Un mouvement mobilisateur à l’échelle nationale
Portée par l’entreprise internationale Talan et soutenue par une trentaine d’organisations économiques, dont la Fédération canadienne de l'entreprise indépendante et Manufacturiers & Exportateurs du Québec, l’initiative a suscité un important élan à travers la province.
Plus de 20 événements régionaux ont rassemblé des centaines de dirigeants, d’experts et d’acteurs du secteur manufacturier. Les conclusions sont sans équivoque : les entreprises sont prêtes à investir et à moderniser leurs opérations, mais réclament un environnement plus favorable à l’innovation et à la croissance.
Selon les participants, les obstacles administratifs, fiscaux et réglementaires freinent encore la transformation des entreprises, notamment des PME.
Six recommandations pour relancer la productivité
Le manifeste propose six orientations majeures visant à stimuler la performance industrielle du Québec.
- Faire de la productivité une priorité économique centrale.
- Fixer des objectifs d’amélioration comparables aux juridictions concurrentes.
- Améliorer la visibilité des programmes d’aide existants.
- Réduire les obstacles administratifs imposés aux entreprises.
- Intégrer la productivité au cœur d’une stratégie industrielle cohérente.
- Mobiliser l’ensemble de la société autour de cet objectif.
Les signataires insistent sur le fait que les solutions sont connues et que les entreprises ne peuvent agir seules. Ils demandent un signal politique clair pour aligner politiques publiques, incitatifs financiers et actions concrètes.
L’automatisation et l’innovation au centre des solutions
Parmi les leviers identifiés, l’automatisation, l’intelligence artificielle et l’exploitation des données occupent une place centrale. Ces technologies sont considérées comme des accélérateurs majeurs de productivité, capables d’améliorer à la fois la compétitivité et la rentabilité des entreprises.
Toutefois, les PME se heurtent encore à plusieurs obstacles, notamment les coûts d’implantation, la complexité des solutions technologiques et le manque de ressources internes pour mener ces projets à terme.
Les experts soulignent que la réduction de la paperasserie et l’allègement de la fiscalité pourraient libérer des investissements importants en modernisation.
Un enjeu de souveraineté économique
Au-delà de la performance industrielle, les auteurs du manifeste présentent la productivité comme une question de prospérité collective et même de souveraineté économique. Face à l’évolution des relations commerciales internationales et à la concurrence accrue, notamment avec l’Europe et les États-Unis, le Québec doit renforcer sa capacité de production et d’innovation.

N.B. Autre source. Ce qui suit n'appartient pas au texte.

(* Let $\mathcal S$ be a non-degenerate affine zipper with signature $(0,\dots,0)$ whose matrices have dominated splitting of index-1 with multicone $M$. Then for every $\mathbf i\in\Sigma\setminus B$, $$\alpha(\pi(\mathbf i))\le\limsup_{n\to\infty}\frac{\log\|A_{\mathbf i|_n}\|}{\log\lambda_{\mathbf i|_n}}.$$
   Context: Affine zipper with signature $(0,\dots,0)$: $f_i(x)=A_ix+t_i$ ($i=0,\dots,N-1$) on $\mathbb R^d$, $A_i$ invertible, each $f_i$ a contraction, vertices $z_0,\dots,z_N$ with $f_i(z_0)=z_i$, $f_i(z_N)=z_{i+1}$; $\Gamma=\bigcup_if_i(\Gamma)$. Fix a probability vector $\lambda$ with $\lambda_i>0$; $g_i(x)=\lambda_ix+\gamma_i$, $\gamma_i=\sum_{j<i}\lambda_j$; $v:[0,1]\to\mathbb R^d$ the unique continuous function with $v(x)=f_i(v(g_i^{-1}(x)))$ for $x\in g_i([0,1])$; $\alpha(x)=\liminf_{y\to x}\frac{\log\|v(x)-v(y)\|}{\log|x-y|}$. For a word $\bar\imath=i_1\dots i_k$: $A_{\bar\imath}=A_{i_1}\cdots A_{i_k}$, $\lambda_{\bar\imath}=\lambda_{i_1}\cdots\lambda_{i_k}$, $f_{\bar\imath}=f_{i_1}\circ\cdots\circ f_{i_k}$, $\Gamma_{\bar\imath}=f_{\bar\imath}(\Gamma)$. Operator norms are Euclidean. Dominated splitting of index-1: there is a nonempty open $M\subset\mathbb{PR}^{d-1}$ (projective action; $\langle w\rangle$ the line through $w\neq0$) with finitely many components with pairwise disjoint closures, $\bigcup_iA_i\overline M\subset M^o$, and some hyperplane transverse to all elements of $\overline M$. $M(x)=\{y\ne x:\langle y-x\rangle\in M\}$. Non-degenerate: there is a bounded open $U$ with $f_i(U)\cap f_j(U)=\emptyset$ ($i\ne j$), $\Gamma\cap U\ne\emptyset$, and $\langle z_N-z_0\rangle\notin\bigcap_{k\ge0}\bigcap_{|\bar\imath|=k}A_{\bar\imath}^{-1}(M^c)$. Symbolic: $\Sigma=\{0,\dots,N-1\}^{\mathbb N}$, shift $\sigma$, $\mathbf i|_n=i_1\dots i_n$; $\pi(\mathbf i)=\sum_{n\ge1}\lambda_{\mathbf i|_{n-1}}\gamma_{i_n}$, $\Pi(\mathbf i)=\lim_nf_{i_1}\circ\cdots\circ f_{i_n}(0)$, so $v(\pi(\mathbf i))=\Pi(\mathbf i)$. Bad set: for $n,l,m\ge1$, $B_{n,l,m}$ is the set of $\mathbf i\in\Sigma$ with $\big(M(\Pi(\mathbf i))\setminus B_{1/n}(\Pi(\mathbf i))\big)\cap\big(\Gamma\setminus(\Gamma_{\mathbf i|_l}\cup\Gamma_{\mathbf i|_{l-1}(i_l-1)(N-1)^m}\cup\Gamma_{\mathbf i|_{l-1}(i_l+1)0^m})\big)=\emptyset$ (open ball $B_r$; $\mathbf i|_{l-1}(i_l-1)(N-1)^m$ is $i_1\dots i_{l-1}$ followed by $i_l-1$ and $m$ copies of $N-1$, similarly the other; the corresponding $\Gamma$-piece is $\emptyset$ if $i_l=0$, resp. $i_l=N-1$). Then $B=\bigcap_{n,l,m\ge1}\bigcup_{K\ge0}\bigcap_{k\ge K}\sigma^{-k}B_{n,l,m}$. *)

theory Defs
  imports "HOL-Analysis.Analysis"
begin

text \<open>Projective space PR^{d-1} realised as the set of orthogonal projection matrices onto lines:
  the line through w is identified with the matrix w w^T / (w . w).\<close>

definition proj :: "real^'n \<Rightarrow> real^'n^'n" where
  "proj w = (\<chi> i j. w$i * w$j / (w \<bullet> w))"

definition projspace :: "(real^'n^'n) set" where
  "projspace = proj ` (UNIV - {0})"

definition cone_at :: "(real^'n^'n) set \<Rightarrow> real^'n \<Rightarrow> (real^'n) set" where
  "cone_at M x = {y. y \<noteq> x \<and> proj (y - x) \<in> M}"

definition dominated_index1 :: "nat \<Rightarrow> (nat \<Rightarrow> real^'n^'n) \<Rightarrow> (real^'n^'n) set \<Rightarrow> bool" where
  "dominated_index1 N A M \<longleftrightarrow>
     M \<noteq> {} \<and> M \<subseteq> projspace \<and> openin (top_of_set projspace) M
   \<and> finite (components M)
   \<and> (\<forall>C\<in>components M. \<forall>C'\<in>components M. C \<noteq> C' \<longrightarrow>
        (top_of_set projspace) closure_of C \<inter> (top_of_set projspace) closure_of C' = {})
   \<and> (\<forall>i<N. \<forall>w. w \<noteq> 0 \<longrightarrow> proj w \<in> (top_of_set projspace) closure_of M \<longrightarrow>
        proj (A i *v w) \<in> (top_of_set projspace) interior_of M)
   \<and> (\<exists>a::real^'n. a \<noteq> 0 \<and> (\<forall>w. w \<noteq> 0 \<longrightarrow> proj w \<in> (top_of_set projspace) closure_of M \<longrightarrow> a \<bullet> w \<noteq> 0))"

text \<open>Words are lists; the first letter is applied outermost.\<close>
definition mat_word :: "(nat \<Rightarrow> real^'n^'n) \<Rightarrow> nat list \<Rightarrow> real^'n^'n" where
  "mat_word A ws = foldr (\<lambda>i B. A i ** B) ws (mat 1)"

definition wprod :: "(nat \<Rightarrow> real) \<Rightarrow> nat list \<Rightarrow> real" where
  "wprod lam ws = prod_list (map lam ws)"

definition fun_word :: "(nat \<Rightarrow> 'a \<Rightarrow> 'a) \<Rightarrow> nat list \<Rightarrow> 'a \<Rightarrow> 'a" where
  "fun_word f ws = foldr (\<lambda>i g. f i \<circ> g) ws id"

text \<open>Sequences i = i_1 i_2 ... are represented 0-based: omega 0 = i_1.\<close>
definition prefix :: "(nat \<Rightarrow> nat) \<Rightarrow> nat \<Rightarrow> nat list" where
  "prefix \<omega> n = map \<omega> [0..<n]"

definition shift :: "(nat \<Rightarrow> nat) \<Rightarrow> nat \<Rightarrow> nat \<Rightarrow> nat" where
  "shift \<omega> k = (\<lambda>j. \<omega> (j + k))"

definition seqspace :: "nat \<Rightarrow> (nat \<Rightarrow> nat) set" where
  "seqspace N = {\<omega>. \<forall>j. \<omega> j < N}"

definition gam :: "(nat \<Rightarrow> real) \<Rightarrow> nat \<Rightarrow> real" where
  "gam lam i = (\<Sum>j<i. lam j)"

definition pi_sym :: "(nat \<Rightarrow> real) \<Rightarrow> (nat \<Rightarrow> nat) \<Rightarrow> real" where
  "pi_sym lam \<omega> = (\<Sum>n. wprod lam (prefix \<omega> n) * gam lam (\<omega> n))"

definition Pi_sym :: "(nat \<Rightarrow> real^'n \<Rightarrow> real^'n) \<Rightarrow> (nat \<Rightarrow> nat) \<Rightarrow> real^'n" where
  "Pi_sym f \<omega> = lim (\<lambda>n. fun_word f (prefix \<omega> n) 0)"

definition piece :: "(nat \<Rightarrow> real^'n \<Rightarrow> real^'n) \<Rightarrow> (real^'n) set \<Rightarrow> nat list \<Rightarrow> (real^'n) set" where
  "piece f \<Gamma> ws = fun_word f ws ` \<Gamma>"

definition bad_nlm :: "nat \<Rightarrow> (nat \<Rightarrow> real^'n \<Rightarrow> real^'n) \<Rightarrow> (real^'n) set \<Rightarrow> (real^'n^'n) set
    \<Rightarrow> nat \<Rightarrow> nat \<Rightarrow> nat \<Rightarrow> (nat \<Rightarrow> nat) set" where
  "bad_nlm N f \<Gamma> M n l m = {\<omega> \<in> seqspace N.
     (cone_at M (Pi_sym f \<omega>) - ball (Pi_sym f \<omega>) (1 / real n)) \<inter>
     (\<Gamma> - (piece f \<Gamma> (prefix \<omega> l)
           \<union> (if \<omega> (l - 1) = 0 then {}
              else piece f \<Gamma> (prefix \<omega> (l - 1) @ [\<omega> (l - 1) - 1] @ replicate m (N - 1)))
           \<union> (if \<omega> (l - 1) = N - 1 then {}
              else piece f \<Gamma> (prefix \<omega> (l - 1) @ [\<omega> (l - 1) + 1] @ replicate m 0)))) = {}}"

definition bad_set :: "nat \<Rightarrow> (nat \<Rightarrow> real^'n \<Rightarrow> real^'n) \<Rightarrow> (real^'n) set \<Rightarrow> (real^'n^'n) set
    \<Rightarrow> (nat \<Rightarrow> nat) set" where
  "bad_set N f \<Gamma> M = {\<omega>. \<forall>n\<ge>1. \<forall>l\<ge>1. \<forall>m\<ge>1. \<exists>K. \<forall>k\<ge>K. shift \<omega> k \<in> bad_nlm N f \<Gamma> M n l m}"

definition non_degenerate :: "nat \<Rightarrow> (nat \<Rightarrow> real^'n^'n) \<Rightarrow> (nat \<Rightarrow> real^'n \<Rightarrow> real^'n)
    \<Rightarrow> (nat \<Rightarrow> real^'n) \<Rightarrow> (real^'n) set \<Rightarrow> (real^'n^'n) set \<Rightarrow> bool" where
  "non_degenerate N A f z \<Gamma> M \<longleftrightarrow>
     (\<exists>U. open U \<and> bounded U \<and> (\<forall>i<N. \<forall>j<N. i \<noteq> j \<longrightarrow> f i ` U \<inter> f j ` U = {}) \<and> \<Gamma> \<inter> U \<noteq> {})
   \<and> z N - z 0 \<noteq> 0
   \<and> (\<exists>ws. set ws \<subseteq> {..<N} \<and> proj (mat_word A ws *v (z N - z 0)) \<in> M)"

text \<open>Local Hoelder exponent; log 0 = -infinity is encoded by the value infinity of the quotient.\<close>
definition holder_exp :: "(real \<Rightarrow> 'a::real_normed_vector) \<Rightarrow> real \<Rightarrow> ereal" where
  "holder_exp v x = Liminf (at x within {0..1})
     (\<lambda>y. if v x = v y then \<infinity> else ereal (ln (norm (v x - v y)) / ln \<bar>x - y\<bar>))"

end

theory Submission
  imports Defs
begin

(*
  Let x = pi(i). Since i is not in the bad set, for some n and infinitely many k there is a point
  y of the attractor lying in the cone M(Pi(sigma^k i)) at distance at least 1/n from
  Pi(sigma^k i). Pulling y back along the first k maps of the zipper gives a parameter s with
  |x - s| <= lambda_{i|k} and v(x) - v(s) = A_{i|k} u for a vector u in the cone of length at least
  1/n. Dominated splitting makes all cone vectors grow comparably under products of the A_i:
  composing a transverse functional with A_{w'} gives, up to a positive factor, a functional from a
  compact set that is bounded below on the image cone A_i(closure M). As the open cone contains a
  ball, |A_{i|k} u| is at least ||A_{i|k}|| / (n Lambda). Hence the Hoelder quotient at s is at most
  log ||A_{i|k}|| / log lambda_{i|k} + O(1/k), and the liminf defining alpha(x) is bounded by the
  limsup of these ratios.
*)

section \<open>Words and shifts\<close>

lemma fun_word_Nil [simp]: "fun_word f [] = id"
  by (simp add: fun_word_def)

lemma fun_word_Cons [simp]: "fun_word f (i # w) = f i \<circ> fun_word f w"
  by (simp add: fun_word_def)

lemma mat_word_Nil [simp]: "mat_word A [] = mat 1"
  by (simp add: mat_word_def)

lemma mat_word_Cons [simp]: "mat_word A (i # w) = A i ** mat_word A w"
  by (simp add: mat_word_def)

lemma mat_word_append_single: "mat_word A (w @ [i]) = mat_word A w ** A i"
  by (induction w) (simp_all add: matrix_mul_assoc)

lemma wprod_Nil [simp]: "wprod lam [] = 1"
  by (simp add: wprod_def)

lemma wprod_Cons [simp]: "wprod lam (i # w) = lam i * wprod lam w"
  by (simp add: wprod_def)

lemma prefix_0 [simp]: "prefix \<omega> 0 = []"
  by (simp add: prefix_def)

lemma length_prefix [simp]: "length (prefix \<omega> k) = k"
  by (simp add: prefix_def)

lemma prefix_Suc: "prefix \<omega> (Suc k) = prefix \<omega> k @ [\<omega> k]"
  by (simp add: prefix_def)

lemma prefix_Suc_Cons: "prefix \<omega> (Suc k) = \<omega> 0 # prefix (shift \<omega> 1) k"
  unfolding prefix_def shift_def by (induction k) auto

lemma shift_0 [simp]: "shift \<omega> 0 = \<omega>"
  by (simp add: shift_def)

lemma shift_shift_1: "shift (shift \<omega> 1) k = shift \<omega> (Suc k)"
  by (simp add: shift_def)

lemma set_prefix_subset: "\<omega> \<in> seqspace N \<Longrightarrow> set (prefix \<omega> k) \<subseteq> {..<N}"
  by (auto simp: prefix_def seqspace_def)

lemma shift_in_seqspace: "\<omega> \<in> seqspace N \<Longrightarrow> shift \<omega> k \<in> seqspace N"
  by (auto simp: shift_def seqspace_def)

lemma fun_word_affine_diff:
  assumes "\<And>i x. f i x = A i *v x + t i"
  shows "fun_word f w x - fun_word f w y = mat_word A w *v (x - y)"
proof (induction w)
  case (Cons i w)
  have "f i a - f i b = A i *v (a - b)" for a b
    by (simp add: assms matrix_vector_mult_diff_distrib)
  with Cons show ?case
    by (simp add: matrix_vector_mul_assoc)
qed (simp add: matrix_vector_mul_lid)
lemma P_obj_le_D_obj:
  assumes primal: "P_solves chi n chim chip m f s q r" and dual: "D_solves chi n chim chip m f u1 u2 w"
  shows "P_obj chim chip m s r \<le> D_obj n f w"
proof -
  define A where "A = {k \<in> {1..m}. dual_defect u1 u2 w k = 0}"
  define a where "a k = (\<lambda>(e1, e2, e3). dual_defect_deriv w e1 e2 e3 k)" for k
  define c where "c = (\<lambda>(e1 :: nat \<Rightarrow> real, e2 :: nat \<Rightarrow> real, e3). D_obj n f e3)"
  have "finite A"
    by (simp add: A_def)
  moreover have "linear (a k)" for k
    by (auto simp: linear_iff a_def dual_defect_deriv_def elong_def jump_def algebra_simps)
  moreover have "linear c"
    by (auto simp: linear_iff c_def)
  ultimately consider
      (multipliers) y where "\<forall>k\<in>A. 0 \<le> y k" "\<forall>x. c x = (\<Sum>k\<in>A. y k * a k x)"
    | (direction) d where "\<forall>k\<in>A. a k d \<le> 0" "0 < c d"
    using farkas_alternative[of A a c] by blast
  then show ?thesis
  proof cases
    case multipliers
    define \<Lambda> where "\<Lambda> k = (if k \<in> A then y k else 0)" for k
    have "D_obj n f e3 = (\<Sum>k\<in>{1..m}. \<Lambda> k * dual_defect_deriv w e1 e2 e3 k)" for e1 e2 e3
    proof -
      have "(\<Sum>k\<in>{1..m}. \<Lambda> k * dual_defect_deriv w e1 e2 e3 k) = (\<Sum>k\<in>A. y k * a k (e1, e2, e3))"
        by (rule sum.mono_neutral_cong_right) (auto simp: A_def \<Lambda>_def a_def)
      then show ?thesis
        using multipliers(2) by (simp add: c_def)
    qed
    moreover have "\<forall>k\<in>{1..m}. 0 \<le> \<Lambda> k \<and> \<Lambda> k * dual_defect u1 u2 w k = 0"
      using multipliers(1) by (auto simp: \<Lambda>_def A_def)
    ultimately obtain s' q' r' where "P_feasible chi n chim chip m f s' q' r'"
      and "P_obj chim chip m s' r' = D_obj n f w"
      using primal_point_of_multipliers by blast
    then show ?thesis
      using primal unfolding P_solves_def by metis
  next
    case direction
    obtain d1 d2 d3 where "d = (d1, d2, d3)"
      by (cases d) auto
    with direction dual have "\<exists>u1' u2' w'. D_feasible chi n chim chip m u1' u2' w' \<and> D_obj n f w < D_obj n f w'"
      by (intro dual_improving_point) (auto simp: D_solves_def A_def a_def c_def)
    with dual show ?thesis
      by (auto simp: D_solves_def not_less[symmetric])
  qed
qed
(* Let $p\in(2,5)$ and let $u \in \dot H^1(\mathbb R^3)\cap L^p(\mathbb R^3)$ be a radial, positive, radially decreasing solution of $$-\Delta u + u^{p-1} = I(u^p)\,u^{p-1}\quad\text{in }\mathbb R^3.$$ Then there exist $r_0>0$ and $C>0$ such that $$u(r) \le \frac{C}{r^{2/(p-2)}}\qquad \text{for all } r>r_0,$$ where $u(r)$ denotes the value of $u$ at $|x|=r$.
   Context: For $f$ on $\mathbb R^3$, the Riesz potential is $I(f)(x) = \frac{1}{4\pi}\int_{\mathbb R^3} \frac{f(y)}{|x-y|}\,dy$. *)

theory Defs
  imports "HOL-Analysis.Analysis"
begin

type_synonym R3 = "real ^ 3"

definition dpart :: "3 \<Rightarrow> (R3 \<Rightarrow> real) \<Rightarrow> R3 \<Rightarrow> real" where
  "dpart i f x = deriv (\<lambda>t. f (x + t *\<^sub>R axis i 1)) 0"

fun iter_partial :: "3 list \<Rightarrow> (R3 \<Rightarrow> real) \<Rightarrow> R3 \<Rightarrow> real" where
  "iter_partial [] f = f"
| "iter_partial (i # is) f = dpart i (iter_partial is f)"

definition smooth3 :: "(R3 \<Rightarrow> real) \<Rightarrow> bool" where
  "smooth3 f \<longleftrightarrow> (\<forall>is. continuous_on UNIV (iter_partial is f) \<and>
      (\<forall>x i. (\<lambda>t. iter_partial is f (x + t *\<^sub>R axis i 1)) differentiable (at 0)))"

definition test_fun :: "(R3 \<Rightarrow> real) \<Rightarrow> bool" where
  "test_fun \<phi> \<longleftrightarrow> smooth3 \<phi> \<and> compact (closure {x. \<phi> x \<noteq> 0})"

definition riesz :: "(R3 \<Rightarrow> real) \<Rightarrow> R3 \<Rightarrow> real" where
  "riesz f x = (1 / (4 * pi)) * (LINT y|lborel. f y / dist x y)"

definition weak_gradient :: "(R3 \<Rightarrow> real) \<Rightarrow> (R3 \<Rightarrow> R3) \<Rightarrow> bool" where
  "weak_gradient u G \<longleftrightarrow>
     (\<forall>i. (\<lambda>x. G x $ i) \<in> borel_measurable lborel) \<and>
     (\<forall>K. compact K \<longrightarrow> set_integrable lborel K u \<and>
            (\<forall>i. set_integrable lborel K (\<lambda>x. G x $ i))) \<and>
     (\<forall>\<phi> i. test_fun \<phi> \<longrightarrow>
        (LINT x|lborel. u x * dpart i \<phi> x) = - (LINT x|lborel. G x $ i * \<phi> x))"

definition in_dotH1 :: "(R3 \<Rightarrow> real) \<Rightarrow> bool" where
  "in_dotH1 u \<longleftrightarrow> u \<in> borel_measurable lborel \<and>
     (\<exists>G. weak_gradient u G \<and> integrable lborel (\<lambda>x. (norm (G x))\<^sup>2))"

definition in_Lp :: "real \<Rightarrow> (R3 \<Rightarrow> real) \<Rightarrow> bool" where
  "in_Lp p u \<longleftrightarrow> u \<in> borel_measurable lborel \<and> integrable lborel (\<lambda>x. \<bar>u x\<bar> powr p)"

definition weak_solution :: "real \<Rightarrow> (R3 \<Rightarrow> real) \<Rightarrow> bool" where
  "weak_solution p u \<longleftrightarrow>
     (\<exists>G. weak_gradient u G \<and> integrable lborel (\<lambda>x. (norm (G x))\<^sup>2) \<and>
       (AE x in lborel. integrable lborel (\<lambda>y. u y powr p / dist x y)) \<and>
       (\<forall>\<phi>. test_fun \<phi> \<longrightarrow>
          integrable lborel (\<lambda>x. riesz (\<lambda>y. u y powr p) x * u x powr (p - 1) * \<phi> x) \<and>
          (LINT x|lborel. (\<Sum>i\<in>UNIV. G x $ i * dpart i \<phi> x) + u x powr (p - 1) * \<phi> x)
          = (LINT x|lborel. riesz (\<lambda>y. u y powr p) x * u x powr (p - 1) * \<phi> x)))"

end

theory Submission
  imports Defs "HOL-Computational_Algebra.Polynomial"
begin

text \<open>
  Test the weak equation against phi_r(x) = psi(x/r), a smooth bump supported in the annulus
  r <= |x| <= 4r. Since u is radially decreasing with u^p integrable, I(u^p)(x) = O(1/|x|), so
  I(u^p) <= 1/2 on the support of phi_r once r is large; moving the weak gradient onto phi_r
  then gives (1/2) int u^(p-1) phi_r <= int u (Delta phi_r). By the monotonicity of u the left
  side is at least c r^3 u(3r)^(p-1) and the right side at most C r u(r), so
  u(3r)^(p-1) <= K u(r) / r^2. Along r = 3^n r_1 this recurrence keeps u(r) r^(2/(p-2)) bounded.
\<close>

section \<open>The function exp(-1/t)\<close>

text \<open>expinv k is the k-th derivative of exp(-1/t) on t > 0 (and 0 for t <= 0):
  differentiating q(1/t) exp(-1/t) gives (X^2 (q - q'))(1/t) exp(-1/t).\<close>

primrec expinv_poly :: "nat \<Rightarrow> real poly" where
  "expinv_poly 0 = 1"
| "expinv_poly (Suc k) = [:0, 0, 1:] * (expinv_poly k - pderiv (expinv_poly k))"

definition expinv :: "nat \<Rightarrow> real \<Rightarrow> real" where
  "expinv k t = (if 0 < t then poly (expinv_poly k) (1 / t) * exp (- (1 / t)) else 0)"

lemma poly_times_exp_neg_tendsto_0: "((\<lambda>y. poly q y * exp (- y)) \<longlongrightarrow> (0::real)) at_top"
proof -
  have "((\<lambda>y. \<Sum>i\<le>degree q. coeff q i * (y ^ i / exp y)) \<longlongrightarrow> (\<Sum>i\<le>degree q. coeff q i * 0)) at_top"
    by (intro tendsto_sum tendsto_mult tendsto_const tendsto_power_div_exp_0)
  moreover have "(\<lambda>y. \<Sum>i\<le>degree q. coeff q i * (y ^ i / exp y)) = (\<lambda>y. poly q y * exp (- y))"
    by (auto simp: poly_altdef sum_divide_distrib exp_minus field_simps)
  ultimately show ?thesis by simp
qed

lemma expinv_has_derivative_pos:
  assumes "0 < t"
  shows "(expinv k has_real_derivative expinv (Suc k) t) (at t)"
proof -
  have "((\<lambda>t. poly (expinv_poly k) (1/t) * exp (-(1/t))) has_real_derivative
      (poly (pderiv (expinv_poly k)) (1/t) * (- 1 / t^2) * exp (-(1/t))
        + poly (expinv_poly k) (1/t) * (exp (-(1/t)) * (1/t^2)))) (at t)"
    using assms
    by (auto intro!: derivative_eq_intros DERIV_chain2[OF poly_DERIV] simp: power2_eq_square field_simps)
  also have "poly (pderiv (expinv_poly k)) (1/t) * (- 1 / t^2) * exp (-(1/t))
        + poly (expinv_poly k) (1/t) * (exp (-(1/t)) * (1/t^2)) = expinv (Suc k) t"
    using assms by (simp add: expinv_def algebra_simps power2_eq_square)
  finally show ?thesis
    by (rule has_field_derivative_transform_within_open[where S="{0<..}"]) (use assms in \<open>auto simp: expinv_def\<close>)
qed

lemma expinv_has_derivative_neg:
  assumes "t < 0"
  shows "(expinv k has_real_derivative expinv (Suc k) t) (at t)"
proof -
  have "((\<lambda>_. 0) has_real_derivative 0) (at t)" by simp
  then have "(expinv k has_real_derivative 0) (at t)"
    by (rule has_field_derivative_transform_within_open[where S="{..<0}"]) (use assms in \<open>auto simp: expinv_def\<close>)
  then show ?thesis using assms by (simp add: expinv_def)
qed
lemma mat_in_scalar_unitaries_iff: "mat k \<in> scalar_unitaries \<longleftrightarrow> cmod k = 1"
proof
  assume "cmod k = 1"
  then have "k \<noteq> 0"
    by auto
  with \<open>cmod k = 1\<close> have "mat k = mat (cis (Arg k))"
    by (simp add: cis_Arg sgn_div_norm)
  then show "mat k \<in> scalar_unitaries"
    unfolding scalar_unitaries_def by blast
qed (auto simp: scalar_unitaries_def mat_eq_iff)

definition udist_to_id :: "complex^'n^'n \<Rightarrow> real" where
  "udist_to_id W = Sup {proj_dist \<psi> (W *v \<psi>) | \<psi>. norm \<psi> = 1}"

lemma udist_eq_udist_to_id: "udist U V = udist_to_id (adjoint_mat U ** V)"
  unfolding udist_def udist_to_id_def proj_dist_def ..

lemma proj_dist_le_udist_to_id:
  assumes "norm \<psi> = 1"
  shows "proj_dist \<psi> (W *v \<psi>) \<le> udist_to_id W"
  unfolding udist_to_id_def
proof (rule cSup_upper)
  show "proj_dist \<psi> (W *v \<psi>) \<in> {proj_dist \<psi> (W *v \<psi>) | \<psi>. norm \<psi> = 1}"
    using assms by blast
  show "bdd_above {proj_dist \<psi> (W *v \<psi>) | \<psi>. norm \<psi> = 1}"
    by (rule bdd_aboveI[of _ 1]) (auto simp: proj_dist_le_1)
qed

lemma udist_to_id_le:
  fixes W :: "complex^'n^'n"
  assumes "\<And>\<psi>. norm \<psi> = 1 \<Longrightarrow> proj_dist \<psi> (W *v \<psi>) \<le> c"
  shows "udist_to_id W \<le> c"
  unfolding udist_to_id_def
proof (rule cSup_least)
  have "norm (axis undefined 1 :: complex^'n) = 1"
    by (simp add: norm_axis)
  then show "{proj_dist \<psi> (W *v \<psi>) | \<psi>. norm \<psi> = 1} \<noteq> {}"
    by blast
qed (use assms in blast)

lemma udist_to_id_nonneg:
  assumes "unitary_mat W"
  shows "0 \<le> udist_to_id W"
proof -
  let ?e = "axis undefined 1 :: complex^'n"
  have e: "norm ?e = 1" and We: "norm (W *v ?e) = 1"
    using norm_axis norm_unitary_mat_vector_mult[OF assms] by simp_all
  show ?thesis
    using proj_dist_nonneg[OF e We] proj_dist_le_udist_to_id[OF e, of W] by linarith
qed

Le secteur manufacturier représente en effet un pilier majeur de l’économie québécoise, contribuant à plus de 12 % du PIB et à plus de 86 % des exportations. Il génère des ventes annuelles dépassant 219 milliards de dollars et emploie plus de 500 000 personnes.
Selon les signataires, l’amélioration de la productivité permettrait non seulement de préserver ces emplois, mais aussi d’en créer de nouveaux dans l’ensemble des régions.
Un appel à une mobilisation durable
Les leaders économiques insistent sur l’urgence d’agir dès maintenant afin d’éviter un décrochage industriel. Ils réclament une approche stable, cohérente et prévisible, capable de soutenir les investissements à long terme et d’encourager l’innovation.
Pour eux, la productivité manufacturière n’est pas un enjeu technique réservé aux spécialistes, mais une condition essentielle à la prospérité du Québec et à la vitalité de ses régions.
Le manifeste conclut qu’un engagement ferme du gouvernement, accompagné d’une mobilisation de l’ensemble de l’écosystème économique, pourrait permettre au Québec de rattraper rapidement son retard et de renforcer sa position dans l’économie mondiale.